Amanda caught the captain’s eye for a moment, but he looked away.
“I’m afraid I can’t allow Adam to go with you.” He laid his napkin across his plate. “He is indispensable to me.”
Chapter Seventeen
With Miss Bowersley clinging to his arm once again, Captain Stoakes escorted his guests to the upper deck and called for the transport boat to take them back to their ship. Amanda wondered if Miss Bowersley could walk under her own accord. If the captain let her go, would she weave her way over to the side of the ship and topple over?

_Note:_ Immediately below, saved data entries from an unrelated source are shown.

lemma nu_less_mult_tangible:
  assumes less: "nu_less x y" and z: "z \<in> (Tset::'a set)"
  shows "nu_less (x * z) (y * z)"
proof -
  have "nu_le x y"
    using less unfolding nu_less_def nu_le_def by simp
  then have "nu_le (x * z) (y * z)"
    by (rule nu_le_mult_right[OF standing_supertropical])
  moreover have "e_el * (x * z) \<noteq> e_el * (y * z)"
  proof
    assume eq: "e_el * (x * z) = e_el * (y * z)"
    have "y \<noteq> 0"
      using less unfolding nu_less_def by auto
    moreover have "z \<noteq> 0"
      using z not_tangible_iff[OF standing_supertropical, of 0] by auto
    moreover have "x \<noteq> 0"
    proof
      assume "x = 0"
      then have "e_el * (y * z) = 0" using eq by simp
      then show False
        using mult_tangible_nonzero[OF \<open>y \<noteq> 0\<close> z] e_el_mult_eq_0_iff by simp
    qed
    ultimately show False
      using less eq ghost_mult_cancel_right unfolding nu_less_def by blast
  qed
  ultimately show ?thesis
    unfolding nu_less_def nu_le_def by simp
qed

end

lemma quad_form_pair:
  assumes "is_quad_form q b"
  shows "q (y1, y2) = q (1, 0) * y1\<^sup>2 + b (1, 0) (0, 1) * y1 * y2 + q (0, 1) * (y2::'a::comm_semiring_1)\<^sup>2"
proof -
  have square: "\<And>a x. q (vsmult a x) = a\<^sup>2 * q x"
    and sym: "\<And>x y. b x y = b y x"
    and scalar: "\<And>a x y. b (vsmult a x) y = a * b x y"
    and polar: "\<And>x y. q (vadd x y) = q x + q y + b x y"
    using assms unfolding is_quad_form_def by blast+
  have cross: "b (vsmult y1 (1, 0)) (vsmult y2 (0, 1)) = y1 * (y2 * b (1, 0) (0, 1))"
    by (metis scalar sym)
  have "(y1, y2) = vadd (vsmult y1 (1, 0)) (vsmult y2 (0, 1))"
    by (simp add: vadd_def vsmult_def)
  then have "q (y1, y2) = y1\<^sup>2 * q (1, 0) + y2\<^sup>2 * q (0, 1) + y1 * (y2 * b (1, 0) (0, 1))"
    by (simp only: polar square cross)
  then show ?thesis
    by (simp add: ac_simps)
qed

The image, although delightful, could not have raised Amanda’s sprits any higher. The captain had called her “indispensable.” Had he meant it?
Perhaps he had been so put off by the way Miss Bowersley made the request to take Adam with her to North Carolina that he hadn’t been inclined to be accommodating.
Regardless of whether he had been sincere or not, he had made it clear she would not be sent with Miss Bowersley to her uncle’s plantation. And the more she had thought about it while she and Cookie cleared the dishes and poured more wine, the more she doubted he would dump her off on an English captain. After all, he wouldn’t want her feeding the enemy, would he?
Despite the few moments of tension, Amanda had never been so entertained, and she hated to see the evening end. Their guests, for she no longer thought of them as prisoners, were so unlike any of the people she knew. Prior to life on the Amanda, her circle of friends and acquaintances didn’t extend much beyond farmers, local merchants and their families. None of the Amanda’s crew, even those with telltale British accents, were as uniquely alien as the officers of the merchantman and the girl.